▸ **ABOUT THIS TASK**:
The records below should be copied in full, exactly as shown.

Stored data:
lemma layer_cake_log2_UNIV:
  fixes f h :: "real \<Rightarrow> real"
  assumes f_bounds: "\<And>x. x \<in> {0<..M} \<Longrightarrow> 0 < f x \<and> f x \<le> 1"
    and galois: "\<And>x y. x \<in> {0<..M} \<Longrightarrow> f x \<le> y \<longleftrightarrow> x \<le> h y"
    and h_bounds: "\<And>y. 0 \<le> h y \<and> h y \<le> M"
    and finite: "(\<integral>\<^sup>+ x. ennreal (if x \<in> {0<..M} then log 2 (1 / f x) else 0) \<partial>lborel) < top"
  shows "\<exists>r. ((\<lambda>x. if x \<in> {0<..M} then log 2 (1 / f x) else 0) has_integral r) UNIV
            \<and> ((\<lambda>y. if y \<in> {0..1} then h y / (y * ln 2) else 0) has_integral r) UNIV"
proof -
  have [measurable]: "h \<in> borel_measurable borel"
    using borel_measurable_mono mono_upper_adjoint[OF galois h_bounds] by blast
  define K where "K x y = ennreal (if x \<in> {0<..M} \<and> y \<in> {0<..1} \<and> x \<le> h y
    then 1 / (y * ln 2) else 0)" for x y
  show ?thesis
  proof (rule has_integral_marginals[OF _ _ _ _ _ finite])
    show "case_prod K \<in> borel_measurable (lborel \<Otimes>\<^sub>M lborel)"
      unfolding K_def split_beta' by measurable
    show "(\<integral>\<^sup>+ y. K x y \<partial>lborel) = ennreal (if x \<in> {0<..M} then log 2 (1 / f x) else 0)" for x
    proof (cases "x \<in> {0<..M}")
      case True
      then have "K x y = ennreal (indicator {f x..1} y * (1 / (y * ln 2)))" for y
        using galois[OF True, of y] f_bounds[OF True] by (auto simp: K_def indicator_def)
      then have "(\<integral>\<^sup>+ y. K x y \<partial>lborel)
          = (\<integral>\<^sup>+ y. ennreal (indicator {f x..1} y * (1 / (y * ln 2))) \<partial>lborel)"
        by simp
      also have "\<dots> = ennreal (log 2 (1 / f x))"
        using f_bounds[OF True]
        by (intro nn_integral_has_integral_lebesgue has_integral_inverse_ln2) auto
      finally show ?thesis
        using True by simp
    next
      case False
      then have "K x y = 0" for y
        by (auto simp: K_def)
      then show ?thesis
        using False by auto
    qed
    show "(\<integral>\<^sup>+ x. K x y \<partial>lborel) = ennreal (if y \<in> {0..1} then h y / (y * ln 2) else 0)" for y
    proof (cases "y \<in> {0<..1}")
      case True
      then have "K x y = ennreal (1 / (y * ln 2)) * indicator {0<..h y} x" for x
        using h_bounds[of y] by (auto simp: K_def indicator_def)
      then show ?thesis
        using True h_bounds[of y] by (simp add: nn_integral_cmult_indicator ennreal_mult[symmetric])
    qed (auto simp: K_def)
    show "0 \<le> (if x \<in> {0<..M} then log 2 (1 / f x) else 0)" for x
      using f_bounds[of x] by (simp add: log_divide)
    show "0 \<le> (if y \<in> {0..1} then h y / (y * ln 2) else 0)" for y
      using h_bounds[of y] by simp
  qed
qed

lemma layer_cake_log2:
  fixes f h :: "real \<Rightarrow> real"
  assumes "0 \<le> M" "0 < c"
    and f_bounds: "\<And>x. x \<in> {0<..M} \<Longrightarrow> c \<le> f x \<and> f x \<le> 1"
    and galois: "\<And>x y. x \<in> {0<..M} \<Longrightarrow> f x \<le> y \<longleftrightarrow> x \<le> h y"
    and h_bounds: "\<And>y. 0 \<le> h y \<and> h y \<le> M"
  shows "\<exists>r. ((\<lambda>x. log 2 (1 / f x)) has_integral r) {0..M}
            \<and> ((\<lambda>y. h y / (y * ln 2)) has_integral r) {0..1}"
proof -
  have "\<And>x. x \<in> {0<..M} \<Longrightarrow> 0 < f x \<and> f x \<le> 1"
    using f_bounds \<open>0 < c\<close> by fastforce
  from layer_cake_log2_UNIV[OF this galois h_bounds nn_integral_log2_inverse_less_top]
  obtain r where
    L: "((\<lambda>x. if x \<in> {0<..M} then log 2 (1 / f x) else 0) has_integral r) UNIV" and
    R: "((\<lambda>y. if y \<in> {0..1} then h y / (y * ln 2) else 0) has_integral r) UNIV"
    using assms by blast
  have "((\<lambda>x. if x \<in> {0..M} then log 2 (1 / f x) else 0) has_integral r) UNIV"
    using L by (rule has_integral_spike[OF negligible_sing[of 0], rotated]) auto
  then show ?thesis
    using R unfolding has_integral_restrict_UNIV by blast
qed

lemma is_pdist_nth_nonneg: "is_pdist p \<Longrightarrow> j < length p \<Longrightarrow> 0 \<le> p ! j"
  unfolding is_pdist_def by auto

lemma is_pdist_nth_antimono:
  "is_pdist p \<Longrightarrow> i \<le> j \<Longrightarrow> j < length p \<Longrightarrow> p ! j \<le> p ! i"
  unfolding is_pdist_def by (metis order.refl le_neq_implies_less sorted_wrt_nth_less)

lemma tail_gt_eq_tail_ge_Suc: "tail_gt p i = tail_ge p (Suc i)"
  unfolding tail_gt_def tail_ge_def
  by (simp add: greaterThanLessThan_eq atLeastSucLessThan_greaterThanLessThan)

lemma tail_ge_eq_nth_plus_tail_gt: "i < length p \<Longrightarrow> tail_ge p i = p ! i + tail_gt p i"
  unfolding tail_gt_def tail_ge_def
  by (simp add: sum.atLeast_Suc_lessThan atLeastSucLessThan_greaterThanLessThan)

lemma tail_ge_0_eq_mass: "tail_ge p 0 = mass p"
  unfolding tail_ge_def mass_def by (simp add: sum_list_sum_nth atLeast0LessThan)

lemma tail_ge_length: "tail_ge p (length p) = 0"
  unfolding tail_ge_def by simp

▸ **RESPONSE AREA**:
lemma layer_cake_log2_UNIV:
  fixes f h :: "real \<Rightarrow> real"
  assumes f_bounds: "\<And>x. x \<in> {0<..M} \<Longrightarrow> 0 < f x \<and> f x \<le> 1"
    and galois: "\<And>x y. x \<in> {0<..M} \<Longrightarrow> f x \<le> y \<longleftrightarrow> x \<le> h y"
    and h_bounds: "\<And>y. 0 \<le> h y \<and> h y \<le> M"
    and finite: "(\<integral>\<^sup>+ x. ennreal (if x \<in> {0<..M} then log 2 (1 / f x) else 0) \<partial>lborel) < top"
  shows "\<exists>r. ((\<lambda>x. if x \<in> {0<..M} then log 2 (1 / f x) else 0) has_integral r) UNIV
            \<and> ((\<lambda>y. if y \<in> {0..1} then h y / (y * ln 2) else 0) has_integral r) UNIV"
proof -
  have [measurable]: "h \<in> borel_measurable borel"
    using borel_measurable_mono mono_upper_adjoint[OF galois h_bounds] by blast
  define K where "K x y = ennreal (if x \<in> {0<..M} \<and> y \<in> {0<..1} \<and> x \<le> h y
    then 1 / (y * ln 2) else 0)" for x y
  show ?thesis
  proof (rule has_integral_marginals[OF _ _ _ _ _ finite])
    show "case_prod K \<in> borel_measurable (lborel \<Otimes>\<^sub>M lborel)"
      unfolding K_def split_beta' by measurable
    show "(\<integral>\<^sup>+ y. K x y \<partial>lborel) = ennreal (if x \<in> {0<..M} then log 2 (1 / f x) else 0)" for x
    proof (cases "x \<in> {0<..M}")
      case True
      then have "K x y = ennreal (indicator {f x..1} y * (1 / (y * ln 2)))" for y
        using galois[OF True, of y] f_bounds[OF True] by (auto simp: K_def indicator_def)
      then have "(\<integral>\<^sup>+ y. K x y \<partial>lborel)
          = (\<integral>\<^sup>+ y. ennreal (indicator {f x..1} y * (1 / (y * ln 2))) \<partial>lborel)"
        by simp
      also have "\<dots> = ennreal (log 2 (1 / f x))"
        using f_bounds[OF True]
        by (intro nn_integral_has_integral_lebesgue has_integral_inverse_ln2) auto
      finally show ?thesis
        using True by simp
    next
      case False
      then have "K x y = 0" for y
        by (auto simp: K_def)
      then show ?thesis
        using False by auto
    qed
    show "(\<integral>\<^sup>+ x. K x y \<partial>lborel) = ennreal (if y \<in> {0..1} then h y / (y * ln 2) else 0)" for y
    proof (cases "y \<in> {0<..1}")
      case True
      then have "K x y = ennreal (1 / (y * ln 2)) * indicator {0<..h y} x" for x
        using h_bounds[of y] by (auto simp: K_def indicator_def)
      then show ?thesis
        using True h_bounds[of y] by (simp add: nn_integral_cmult_indicator ennreal_mult[symmetric])
    qed (auto simp: K_def)
    show "0 \<le> (if x \<in> {0<..M} then log 2 (1 / f x) else 0)" for x
      using f_bounds[of x] by (simp add: log_divide)
    show "0 \<le> (if y \<in> {0..1} then h y / (y * ln 2) else 0)" for y
      using h_bounds[of y] by simp
  qed
qed

lemma layer_cake_log2:
  fixes f h :: "real \<Rightarrow> real"
  assumes "0 \<le> M" "0 < c"
    and f_bounds: "\<And>x. x \<in> {0<..M} \<Longrightarrow> c \<le> f x \<and> f x \<le> 1"
    and galois: "\<And>x y. x \<in> {0<..M} \<Longrightarrow> f x \<le> y \<longleftrightarrow> x \<le> h y"
    and h_bounds: "\<And>y. 0 \<le> h y \<and> h y \<le> M"
  shows "\<exists>r. ((\<lambda>x. log 2 (1 / f x)) has_integral r) {0..M}
            \<and> ((\<lambda>y. h y / (y * ln 2)) has_integral r) {0..1}"
proof -
  have "\<And>x. x \<in> {0<..M} \<Longrightarrow> 0 < f x \<and> f x \<le> 1"
    using f_bounds \<open>0 < c\<close> by fastforce
  from layer_cake_log2_UNIV[OF this galois h_bounds nn_integral_log2_inverse_less_top]
  obtain r where
    L: "((\<lambda>x. if x \<in> {0<..M} then log 2 (1 / f x) else 0) has_integral r) UNIV" and
    R: "((\<lambda>y. if y \<in> {0..1} then h y / (y * ln 2) else 0) has_integral r) UNIV"
    using assms by blast
  have "((\<lambda>x. if x \<in> {0..M} then log 2 (1 / f x) else 0) has_integral r) UNIV"
    using L by (rule has_integral_spike[OF negligible_sing[of 0], rotated]) auto
  then show ?thesis
    using R unfolding has_integral_restrict_UNIV by blast
qed

lemma is_pdist_nth_nonneg: "is_pdist p \<Longrightarrow> j < length p \<Longrightarrow> 0 \<le> p ! j"
  unfolding is_pdist_def by auto

lemma is_pdist_nth_antimono:
  "is_pdist p \<Longrightarrow> i \<le> j \<Longrightarrow> j < length p \<Longrightarrow> p ! j \<le> p ! i"
  unfolding is_pdist_def by (metis order.refl le_neq_implies_less sorted_wrt_nth_less)

lemma tail_gt_eq_tail_ge_Suc: "tail_gt p i = tail_ge p (Suc i)"
  unfolding tail_gt_def tail_ge_def
  by (simp add: greaterThanLessThan_eq atLeastSucLessThan_greaterThanLessThan)

lemma tail_ge_eq_nth_plus_tail_gt: "i < length p \<Longrightarrow> tail_ge p i = p ! i + tail_gt p i"
  unfolding tail_gt_def tail_ge_def
  by (simp add: sum.atLeast_Suc_lessThan atLeastSucLessThan_greaterThanLessThan)

lemma tail_ge_0_eq_mass: "tail_ge p 0 = mass p"
  unfolding tail_ge_def mass_def by (simp add: sum_list_sum_nth atLeast0LessThan)

lemma tail_ge_length: "tail_ge p (length p) = 0"
  unfolding tail_ge_def by simp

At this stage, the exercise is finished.